A discriminating unit for discriminating whether or not the pattern of the voice data in the second time is based on a human voice by a predetermined discriminator;
When the determination unit satisfies the predetermined condition and the identification unit identifies that the pattern of the voice data at the second time is due to a human voice, the voice at the second time is The utterance detection apparatus according to claim 1, wherein the utterance detection apparatus determines that the utterance is an inquiry to the own apparatus.

4. The utterance detection according to claim 1, wherein the time measuring unit adjusts the utterance determination threshold value based on a statistical value related to a loudness level of the first time and the third time. 5. apparatus.

The utterance according to any one of claims 1 to 4, further comprising: an output unit that outputs a predetermined calculation processing result as a voice when it is determined that the voice at the second time is a questioned utterance to the own device. Detection device.

A speech analysis unit that executes a predetermined speech analysis process on speech data that is subsequently acquired when it is determined that the speech at the second time is an inquiry utterance to the device. The utterance detection device according to claim 5.

A storage unit for storing audio data at the second time;
A voice analysis unit that performs a predetermined voice analysis process on the voice data stored in the storage unit when it is determined that the voice at the second time is an utterance of an inquiry to the device. The utterance detection device according to any one of claims 1 to 5.

A voice acquisition step for continuously acquiring voice data;
The first time when the volume of the acquired voice is less than the utterance determination threshold, the second time when the volume of the voice exceeds the utterance determination threshold after the lapse of the first time, and the second time A time measuring step of measuring a third time when the volume of the voice is less than the utterance determination threshold after elapse of
A determination step of determining, when the first time, the second time, and the third time satisfy a predetermined condition, that the voice at the second time is an inquiry utterance to the device; A speech detection method executed by a computer.
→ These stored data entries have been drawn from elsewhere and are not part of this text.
lemma funpow_eq_id_of_gen_field:
  fixes \<sigma> :: "'k::field \<Rightarrow> 'k"
  assumes add: "\<And>x y. \<sigma> (x + y) = \<sigma> x + \<sigma> y" and mult: "\<And>x y. \<sigma> (x * y) = \<sigma> x * \<sigma> y"
    and F: "is_subfield F" "\<And>c. c \<in> F \<Longrightarrow> \<sigma> c = c"
    and \<xi>: "\<xi> \<in> F" "\<xi> ^ p = 1" and \<theta>: "\<sigma> \<theta> = \<xi> * \<theta>" "gen_field F \<theta> = UNIV"
  shows "(\<sigma> ^^ p) x = x"
proof -
  have F_fixed: "(\<sigma> ^^ n) c = c" if "c \<in> F" for c n
    using that by (induction n) (simp_all add: F(2))
  have "\<xi> ^ n \<in> F" for n
    using F(1) \<xi>(1) by (induction n) (simp_all add: is_subfield_def)
  then have "(\<sigma> ^^ n) \<theta> = \<xi> ^ n * \<theta>" for n
    by (induction n) (simp_all add: mult \<theta>(1) F(2) mult_ac)
  then have "\<theta> \<in> {x. (\<sigma> ^^ p) x = x}" using \<xi>(2) by simp
  moreover have "F \<subseteq> {x. (\<sigma> ^^ p) x = x}" using F_fixed by auto
  moreover have "is_subfield {x. (\<sigma> ^^ p) x = x}"
  proof (rule is_subfield_fixed_points)
    show "(\<sigma> ^^ p) (x + y) = (\<sigma> ^^ p) x + (\<sigma> ^^ p) y" for x y
      by (induction p) (simp_all add: add)
    show "(\<sigma> ^^ p) (x * y) = (\<sigma> ^^ p) x * (\<sigma> ^^ p) y" for x y
      by (induction p) (simp_all add: mult)
    show "(\<sigma> ^^ p) 1 = 1"
      using F(1) F_fixed by (simp add: is_subfield_def)
  qed
  ultimately have "gen_field F \<theta> \<subseteq> {x. (\<sigma> ^^ p) x = x}"
    by (intro gen_field_least)
  then show ?thesis using \<theta>(2) by auto
qed
(* Let $G$ be a graph, $B\subseteq V(G)$ and $\ell\ge 1$. Then $B$ is a specified $\ell$-leaky forcing set of $G$ if and only if $B$ is an $(\ell-1)$-leaky forcing set of $G$ such that for every set $L\subseteq V(G)$ of $\ell-1$ vertex leaks and every $v\in V(G)\setminus B$ there exist forces $x\to v$ and $y\to v$ in $\mathcal{F}_L(B)$ with $x\neq y$.
   Context: All graphs are finite, simple and undirected. Zero forcing: a blue vertex $u$ with exactly one white neighbor $w$ may force $w$ (color it blue), written $u\to w$. From an initial blue set $B$, a forcing sequence is a chronologically ordered list of forces each valid when performed. A vertex leak is a vertex not allowed to perform any force; $B$ is an $\ell$-leaky forcing set if for every set of at most $\ell$ vertex leaks, exhaustively applying the forcing rule from $B$ (leaks never forcing) colors all of $V(G)$ blue. For $L\subseteq V(G)$, $\mathcal{F}_L(B)$ is the set of all forces $x\to v$ occurring in some forcing sequence from $B$ in which no vertex of $L$ performs a force. A specified leak is an ordered pair $v\to u$ of vertices indicating that $v$ is prohibited from forcing $u$. $B$ is a specified $\ell$-leaky forcing set if for every set of at most $\ell$ specified leaks, exhaustively applying the forcing rule from $B$ while never performing a prohibited force colors all of $V(G)$ blue. *)

theory Defs
  imports Main
begin

definition simple_graph :: "'a set \<Rightarrow> ('a \<Rightarrow> 'a \<Rightarrow> bool) \<Rightarrow> bool" where
  "simple_graph V E \<longleftrightarrow> finite V \<and>
     (\<forall>u v. E u v \<longrightarrow> u \<in> V \<and> v \<in> V \<and> u \<noteq> v) \<and>
     (\<forall>u v. E u v \<longrightarrow> E v u)"

definition can_force :: "('a \<Rightarrow> 'a \<Rightarrow> bool) \<Rightarrow> 'a set \<Rightarrow> 'a \<Rightarrow> 'a \<Rightarrow> bool" where
  "can_force E S u w \<longleftrightarrow> u \<in> S \<and> E u w \<and> w \<notin> S \<and> (\<forall>x. E u x \<and> x \<noteq> w \<longrightarrow> x \<in> S)"

fun forcing_seq :: "('a \<Rightarrow> 'a \<Rightarrow> bool) \<Rightarrow> ('a \<Rightarrow> 'a \<Rightarrow> bool) \<Rightarrow> 'a set \<Rightarrow> ('a \<times> 'a) list \<Rightarrow> bool" where
  "forcing_seq E ok S [] = True"
| "forcing_seq E ok S ((u, w) # fs) =
     (ok u w \<and> can_force E S u w \<and> forcing_seq E ok (insert w S) fs)"

definition final_blue :: "'a set \<Rightarrow> ('a \<times> 'a) list \<Rightarrow> 'a set" where
  "final_blue S fs = S \<union> snd ` set fs"

definition colors_all :: "'a set \<Rightarrow> ('a \<Rightarrow> 'a \<Rightarrow> bool) \<Rightarrow> ('a \<Rightarrow> 'a \<Rightarrow> bool) \<Rightarrow> 'a set \<Rightarrow> bool" where
  "colors_all V E ok B \<longleftrightarrow>
     (\<forall>fs. forcing_seq E ok B fs \<and> \<not> (\<exists>u w. ok u w \<and> can_force E (final_blue B fs) u w)
        \<longrightarrow> final_blue B fs = V)"

text \<open>l-leaky forcing set (vertex leaks: leaks never force).\<close>
definition leaky_forcing_set :: "'a set \<Rightarrow> ('a \<Rightarrow> 'a \<Rightarrow> bool) \<Rightarrow> 'a set \<Rightarrow> nat \<Rightarrow> bool" where
  "leaky_forcing_set V E B l \<longleftrightarrow>
     (\<forall>L. L \<subseteq> V \<and> card L \<le> l \<longrightarrow> colors_all V E (\<lambda>u w. u \<notin> L) B)"

text \<open>specified l-leaky forcing set (specified leaks: prohibited ordered pairs v \<rightarrow> u).\<close>
definition specified_leaky_forcing_set :: "'a set \<Rightarrow> ('a \<Rightarrow> 'a \<Rightarrow> bool) \<Rightarrow> 'a set \<Rightarrow> nat \<Rightarrow> bool" where
  "specified_leaky_forcing_set V E B l \<longleftrightarrow>
     (\<forall>P. P \<subseteq> V \<times> V \<and> card P \<le> l \<longrightarrow> colors_all V E (\<lambda>u w. (u, w) \<notin> P) B)"

definition forces_F :: "('a \<Rightarrow> 'a \<Rightarrow> bool) \<Rightarrow> 'a set \<Rightarrow> 'a set \<Rightarrow> ('a \<times> 'a) set" where
  "forces_F E L B = {f. \<exists>fs. forcing_seq E (\<lambda>u w. u \<notin> L) B fs \<and> f \<in> set fs}"

end

theory Submission
  imports Defs
begin

(* A vertex leak at x matters only at the end of an exhaustive forcing process, where it
   blocks the single force x could still perform.  Hence l - 1 vertex leaks together with one
   prohibited force x -> v are simulated by l specified leaks, so v must also be forced by some
   vertex other than x in F_L(B).
   Conversely, let a forcing process stall under l specified leaks, with final blue set F, and
   let Y be the set of vertices that could still force at F; then card Y <= l.  If card Y = l,
   pick y in Y with white neighbour w and take the other l - 1 vertices of Y as vertex leaks:
   a forcing sequence colouring w must leave F, and the only force that can do so is y -> w,
   contradicting the two forcers of w.  So card Y < l, Y is a harmless set of vertex leaks, and
   an exhaustive process with these leaks never leaves F; hence F = V. *)

definition maximal_forcing_seq ::
    "('a \<Rightarrow> 'a \<Rightarrow> bool) \<Rightarrow> ('a \<Rightarrow> 'a \<Rightarrow> bool) \<Rightarrow> 'a set \<Rightarrow> ('a \<times> 'a) list \<Rightarrow> bool" where
  "maximal_forcing_seq E ok S fs \<longleftrightarrow>
     forcing_seq E ok S fs \<and> \<not> (\<exists>u w. ok u w \<and> can_force E (final_blue S fs) u w)"

lemma colors_all_iff_maximal:
  "colors_all V E ok B \<longleftrightarrow> (\<forall>fs. maximal_forcing_seq E ok B fs \<longrightarrow> final_blue B fs = V)"
  by (simp add: colors_all_def maximal_forcing_seq_def)

lemma final_blue_Nil [simp]: "final_blue S [] = S"
  by (simp add: final_blue_def)

lemma final_blue_Cons [simp]: "final_blue S ((u, w) # fs) = final_blue (insert w S) fs"
  by (auto simp: final_blue_def)

lemma can_force_unique: "can_force E F u w \<Longrightarrow> can_force E F u w' \<Longrightarrow> w = w'"
  unfolding can_force_def by blast

lemma can_force_mono:
  "can_force E S u w \<Longrightarrow> S \<subseteq> F \<Longrightarrow> w \<notin> F \<Longrightarrow> can_force E F u w"
  unfolding can_force_def by blast

lemma forcing_seq_mono:
  "forcing_seq E ok S fs \<Longrightarrow> (\<And>u w. ok u w \<Longrightarrow> ok' u w) \<Longrightarrow> forcing_seq E ok' S fs"
  by (induction fs arbitrary: S) auto

lemma forcing_seq_memD:
  "forcing_seq E ok S fs \<Longrightarrow> (u, w) \<in> set fs \<Longrightarrow> ok u w \<and> E u w"
  by (induction fs arbitrary: S) (auto simp: can_force_def)

lemma forcing_seq_forced_distinct:
  "forcing_seq E ok S fs \<Longrightarrow> distinct (map snd fs) \<and> snd ` set fs \<inter> S = {}"
proof (induction fs arbitrary: S)
  case Nil
  then show ?case by simp
next
  case (Cons f fs)
  obtain u w where f: "f = (u, w)" by force
  then have "w \<notin> S" "forcing_seq E ok (insert w S) fs"
    using Cons.prems by (auto simp: can_force_def)
  then show ?case
    using Cons.IH[of "insert w S"] f by auto
qed

lemma forcing_seq_forced_once:
  assumes "forcing_seq E ok S fs" "(u, w) \<in> set fs" "(u', w) \<in> set fs"
  shows "u = u'"
proof -
  have "inj_on snd (set fs)"
    using forcing_seq_forced_distinct[OF assms(1)] by (simp add: distinct_map)
  then show ?thesis
    using inj_onD[of snd "set fs" "(u, w)" "(u', w)"] assms(2,3) by simp
qed

lemma final_blue_subset:
  assumes "forcing_seq E ok S fs" "S \<subseteq> V" "\<And>u w. E u w \<Longrightarrow> w \<in> V"
  shows "final_blue S fs \<subseteq> V"
  using assms forcing_seq_memD[OF assms(1)] by (force simp: final_blue_def)

lemma forcing_seq_exit:
  assumes "forcing_seq E ok S fs" "S \<subseteq> F" "\<not> final_blue S fs \<subseteq> F"
  shows "\<exists>(u, w) \<in> set fs. ok u w \<and> can_force E F u w"
  using assms
proof (induction fs arbitrary: S)
  case Nil
  then show ?case by simp
next
  case (Cons f fs)
  obtain u w where f: "f = (u, w)" by force
  have uw: "ok u w" "can_force E S u w" and seq: "forcing_seq E ok (insert w S) fs"
    using Cons.prems(1) f by auto
  show ?case
  proof (cases "w \<in> F")
    case True
    then have "\<exists>(u, w) \<in> set fs. ok u w \<and> can_force E F u w"
      using Cons.IH[OF seq] Cons.prems(2,3) f by simp
    then show ?thesis by auto
  next
    case False
    then have "can_force E F u w"
      using can_force_mono[OF uw(2) Cons.prems(2)] by blast
    then show ?thesis
      using uw(1) f by auto
  qed
qed

lemma maximal_forcing_seq_exists:
  assumes "finite V" "\<And>u w. E u w \<Longrightarrow> w \<in> V"
  shows "\<exists>fs. maximal_forcing_seq E ok S fs"
proof (induction "card (V - S)" arbitrary: S rule: less_induct)
  case less
  show ?case
  proof (cases "\<exists>u w. ok u w \<and> can_force E S u w")
    case False
    then show ?thesis
      by (intro exI[of _ "[]"]) (simp add: maximal_forcing_seq_def)
  next
    case True
    then obtain u w where uw: "ok u w" "can_force E S u w" by blast
    then have "w \<in> V - S"
      using assms(2) by (auto simp: can_force_def)
    then have "card ((V - S) - {w}) < card (V - S)"
      using assms(1) by (intro card_Diff1_less) auto
    moreover have "V - insert w S = (V - S) - {w}"
      by auto
    ultimately obtain fs where "maximal_forcing_seq E ok (insert w S) fs"
      using less by presburger
    then show ?thesis
      using uw by (intro exI[of _ "(u, w) # fs"]) (simp add: maximal_forcing_seq_def)
  qed
qed

lemma maximal_forcing_seq_relax:
  assumes "maximal_forcing_seq E ok S fs" "\<And>u w. ok u w \<Longrightarrow> ok' u w"
    and "\<And>u w. ok' u w \<Longrightarrow> can_force E (final_blue S fs) u w \<Longrightarrow> ok u w"
  shows "maximal_forcing_seq E ok' S fs"
  using assms forcing_seq_mono unfolding maximal_forcing_seq_def by metis

lemma card_forces_from_le:
  assumes "finite L"
  shows "card {(x, w). x \<in> L \<and> can_force E F x w} \<le> card L"
proof -
  let ?P = "{(x, w). x \<in> L \<and> can_force E F x w}"
  have "inj_on fst ?P"
    by (auto simp: inj_on_def dest: can_force_unique)
  then have "card ?P = card (fst ` ?P)"
    by (simp add: card_image)
  also have "\<dots> \<le> card L"
    using assms by (intro card_mono) auto
  finally show ?thesis .
qed

lemma specified_leaky_colors_all:
  assumes spec: "specified_leaky_forcing_set V E B l"
    and "finite V" and edges: "\<And>u w. E u w \<Longrightarrow> u \<in> V \<and> w \<in> V"
    and "L \<subseteq> V" "Q \<subseteq> V \<times> V" "card L + card Q \<le> l"
  shows "colors_all V E (\<lambda>u w. u \<notin> L \<and> (u, w) \<notin> Q) B"
  unfolding colors_all_iff_maximal
proof (intro allI impI)
  fix fs
  assume max: "maximal_forcing_seq E (\<lambda>u w. u \<notin> L \<and> (u, w) \<notin> Q) B fs"
  define P where "P = {(x, w). x \<in> L \<and> can_force E (final_blue B fs) x w} \<union> Q"
  have "card P \<le> card L + card Q"
    unfolding P_def
    using card_Un_le card_forces_from_le[OF finite_subset[OF \<open>L \<subseteq> V\<close> \<open>finite V\<close>]]
    by (meson add_right_mono order_trans)
  moreover have "P \<subseteq> V \<times> V"
    using edges \<open>Q \<subseteq> V \<times> V\<close> by (auto simp: P_def can_force_def)
  ultimately have "colors_all V E (\<lambda>u w. (u, w) \<notin> P) B"
    using spec \<open>card L + card Q \<le> l\<close> unfolding specified_leaky_forcing_set_def by simp
  moreover have "maximal_forcing_seq E (\<lambda>u w. (u, w) \<notin> P) B fs"
    by (rule maximal_forcing_seq_relax[OF max]) (auto simp: P_def)
  ultimately show "final_blue B fs = V"
    unfolding colors_all_iff_maximal by blast
qed
(* Let $F$ be an arbitrary field and let $f\in F\langle X\rangle$ be a nonzero multilinear polynomial of degree $d$. Let $n\ge 2$ be such that $d<2n$. If $c\in M_n(F)$ satisfies $$f(c,a_2,\ldots,a_d)=f(a_1,c,a_3,\ldots,a_d)=\cdots=f(a_1,\ldots,a_{d-1},c)=0$$ for all $a_1,\ldots,a_d\in M_n(F)$, then $c\in F\cdot 1$.
   Context: $F\langle X\rangle$ is the free algebra over $F$ in countably many noncommuting indeterminates $x_1,x_2,\ldots$. A polynomial $f=f(x_1,\ldots,x_d)$ is multilinear of degree $d$ if $f=\sum_{\sigma\in S_d}\lambda_\sigma x_{\sigma(1)}\cdots x_{\sigma(d)}$ with $\lambda_\sigma\in F$. $1$ denotes the identity matrix. *)

theory Defs
  imports "HOL-Analysis.Analysis"
begin

text \<open>A multilinear polynomial of degree d in x_0,...,x_{d-1} is given by its
coefficient function lam on permutations of {0..<d}:
f = sum over sigma of lam sigma * x_{sigma 0} ... x_{sigma (d-1)}.\<close>

definition ordered_prod :: "nat \<Rightarrow> (nat \<Rightarrow> nat) \<Rightarrow> (nat \<Rightarrow> 'a::field^'n^'n) \<Rightarrow> 'a^'n^'n" where
  "ordered_prod d \<sigma> a = foldr (\<lambda>i acc. a (\<sigma> i) ** acc) [0..<d] (mat 1)"

definition ml_eval :: "nat \<Rightarrow> ((nat \<Rightarrow> nat) \<Rightarrow> 'a::field) \<Rightarrow> (nat \<Rightarrow> 'a^'n^'n) \<Rightarrow> 'a^'n^'n" where
  "ml_eval d lam a = (\<Sum>\<sigma>\<in>{\<sigma>. \<sigma> permutes {0..<d}}. mat (lam \<sigma>) ** ordered_prod d \<sigma> a)"

definition ml_nonzero :: "nat \<Rightarrow> ((nat \<Rightarrow> nat) \<Rightarrow> 'a::field) \<Rightarrow> bool" where
  "ml_nonzero d lam \<longleftrightarrow> (\<exists>\<sigma>. \<sigma> permutes {0..<d} \<and> lam \<sigma> \<noteq> 0)"

end

theory Submission
  imports Defs
begin
(* Let admission prices $c_1>c_2>\dots>c_N$ be given. Let $i_1<i_2$ be customer classes (so $\beta_{i_1}>\beta_{i_2}$) and $j_1<j_2$ queues (so $c_{j_1}>c_{j_2}$). Then there is no Wardrop equilibrium $P^W$ with both $p^W_{i_1j_2}>0$ and $p^W_{i_2j_1}>0$.
   Context: Model: $M$ customer classes, $N$ queues. Class $i$ arrivals are Poisson of rate $\lambda_i>0$, independent across classes; class $i$ has delay sensitivity $\beta_i>0$ with $\beta_1>\dots>\beta_M$. A routing matrix is a right stochastic $M\times N$ matrix $P=[p_{ij}]$; the arrival rate at queue $j$ is $\gamma_j=\sum_i\lambda_ip_{ij}$. Queue $j$ has a cost function $D_j$ (monotone increasing, continuously differentiable with strictly positive derivative in the interior of its domain) and charges a class-independent admission price $c_j$. A class-$i$ customer joining queue $j$ incurs cost $c_j+\beta_iD_j(\gamma_j)$. $P$ is a Wardrop equilibrium if for all $i,j,k$: $p_{ij}>0$ implies $c_j+\beta_iD_j(\gamma_j)\le c_k+\beta_iD_k(\gamma_k)$. *)

theory Defs
  imports "HOL-Analysis.Analysis"
begin

text \<open>Classes are indexed 0..<M, queues 0..<N (0-based). A routing matrix is
  a function P :: nat => nat => real, P i j = p_ij.\<close>

definition right_stochastic :: "nat \<Rightarrow> nat \<Rightarrow> (nat \<Rightarrow> nat \<Rightarrow> real) \<Rightarrow> bool" where
  "right_stochastic M N P \<longleftrightarrow>
     (\<forall>i<M. (\<forall>j<N. P i j \<ge> 0) \<and> (\<Sum>j<N. P i j) = 1)"

definition arrival_rate :: "nat \<Rightarrow> (nat \<Rightarrow> real) \<Rightarrow> (nat \<Rightarrow> nat \<Rightarrow> real) \<Rightarrow> nat \<Rightarrow> real" where
  "arrival_rate M lam P j = (\<Sum>i<M. lam i * P i j)"

definition cost_function :: "real set \<Rightarrow> (real \<Rightarrow> real) \<Rightarrow> bool" where
  "cost_function S f \<longleftrightarrow> is_interval S \<and> mono_on S f \<and>
     (\<exists>f'. continuous_on (interior S) f' \<and>
        (\<forall>x\<in>interior S. (f has_real_derivative f' x) (at x) \<and> f' x > 0))"

definition wardrop_equilibrium ::
  "nat \<Rightarrow> nat \<Rightarrow> (nat \<Rightarrow> real) \<Rightarrow> (nat \<Rightarrow> real) \<Rightarrow> (nat \<Rightarrow> real)
    \<Rightarrow> (nat \<Rightarrow> real \<Rightarrow> real) \<Rightarrow> (nat \<Rightarrow> nat \<Rightarrow> real) \<Rightarrow> bool" where
  "wardrop_equilibrium M N lam beta c D P \<longleftrightarrow> right_stochastic M N P \<and>
     (\<forall>i<M. \<forall>j<N. \<forall>k<N. P i j > 0 \<longrightarrow>
        c j + beta i * D j (arrival_rate M lam P j) \<le> c k + beta i * D k (arrival_rate M lam P k))"

end

theory Submission
  imports Defs
begin

(* Proof idea (a single-crossing, or exchange, argument).
   Fix a Wardrop equilibrium and write x1, x2 for the delays of queues j1, j2.
   If a class-i1 customer uses the cheap queue j2 and a class-i2 customer uses
   the expensive queue j1, the equilibrium conditions give
     c j2 + beta i1 * x2 <= c j1 + beta i1 * x1   and
     c j1 + beta i2 * x1 <= c j2 + beta i2 * x2.
   Adding them yields (beta i1 - beta i2) * (x2 - x1) <= 0, so x2 <= x1, while
   the second inequality with c j1 > c j2 and beta i2 > 0 forces x2 > x1.
   Only the ordering of prices and sensitivities matters; the delay functions
   enter solely through the values they take at the equilibrium loads. *)

lemma no_crossing_choices:
  fixes b1 b2 ca cb xa xb :: real
  assumes sens: "b1 > b2" "b2 > 0"
    and price: "ca > cb"
    and pref1: "cb + b1 * xb \<le> ca + b1 * xa"
    and pref2: "ca + b2 * xa \<le> cb + b2 * xb"
  shows False
proof -
  have "b2 * (xb - xa) \<ge> ca - cb"
    using pref2 by (simp add: algebra_simps)
  then have "b2 * (xb - xa) > 0"
    using price by linarith
  then have delay_gap: "xb - xa > 0"
    using sens by (simp add: zero_less_mult_iff)
  have "(b1 - b2) * (xb - xa) \<le> 0"
    using pref1 pref2 by (simp add: algebra_simps)
  moreover have "(b1 - b2) * (xb - xa) > 0"
    using sens delay_gap by simp
  ultimately show False
    by linarith
qed

lemma wardrop_no_profitable_deviation:
  assumes "wardrop_equilibrium M N lam beta c D P"
    and "i < M" "j < N" "k < N" "P i j > 0"
  shows "c j + beta i * D j (arrival_rate M lam P j)
           \<le> c k + beta i * D k (arrival_rate M lam P k)"
  using assms unfolding wardrop_equilibrium_def by blast

theorem theorem3:
  fixes M N :: nat and lam beta c :: "nat \<Rightarrow> real"
    and D :: "nat \<Rightarrow> real \<Rightarrow> real" and S :: "nat \<Rightarrow> real set"
    and i1 i2 j1 j2 :: nat
  assumes lam_pos: "\<forall>i<M. lam i > 0"
    and beta_pos: "\<forall>i<M. beta i > 0"
    and beta_dec: "\<forall>i<M. \<forall>i'<M. i < i' \<longrightarrow> beta i > beta i'"
    and cost: "\<forall>j<N. cost_function (S j) (D j)"
    and c_dec: "\<forall>j<N. \<forall>j'<N. j < j' \<longrightarrow> c j > c j'"
    and classes: "i1 < i2" "i2 < M"
    and queues: "j1 < j2" "j2 < N"
  shows "\<not> (\<exists>P. wardrop_equilibrium M N lam beta c D P \<and> P i1 j2 > 0 \<and> P i2 j1 > 0)"
proof
  assume "\<exists>P. wardrop_equilibrium M N lam beta c D P \<and> P i1 j2 > 0 \<and> P i2 j1 > 0"
  then obtain P where W: "wardrop_equilibrium M N lam beta c D P"
    and use12: "P i1 j2 > 0" and use21: "P i2 j1 > 0"
    by blast
  have idx: "i1 < M" "j1 < N"
    using classes queues by auto
  have "beta i1 > beta i2" "beta i2 > 0"
    using beta_dec beta_pos classes idx by auto
  moreover have "c j1 > c j2"
    using c_dec queues idx by auto
  moreover have "c j2 + beta i1 * D j2 (arrival_rate M lam P j2)
                   \<le> c j1 + beta i1 * D j1 (arrival_rate M lam P j1)"
    using wardrop_no_profitable_deviation[OF W] use12 idx queues by blast
  moreover have "c j1 + beta i2 * D j1 (arrival_rate M lam P j1)
                   \<le> c j2 + beta i2 * D j2 (arrival_rate M lam P j2)"
    using wardrop_no_profitable_deviation[OF W] use21 idx classes queues by blast
  ultimately show False
    by (rule no_crossing_choices)
qed

end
A voice acquisition step for continuously acquiring voice data;
The first time when the volume of the acquired voice is less than the utterance determination threshold, the second time when the volume of the voice exceeds the utterance determination threshold after the lapse of the first time, and the second time A time measuring step of measuring a third time when the volume of the voice is less than the utterance determination threshold after elapse of
A determination step of determining, when the first time, the second time, and the third time satisfy a predetermined condition, that the voice at the second time is an inquiry utterance to the device; An utterance detection program for causing a computer to execute.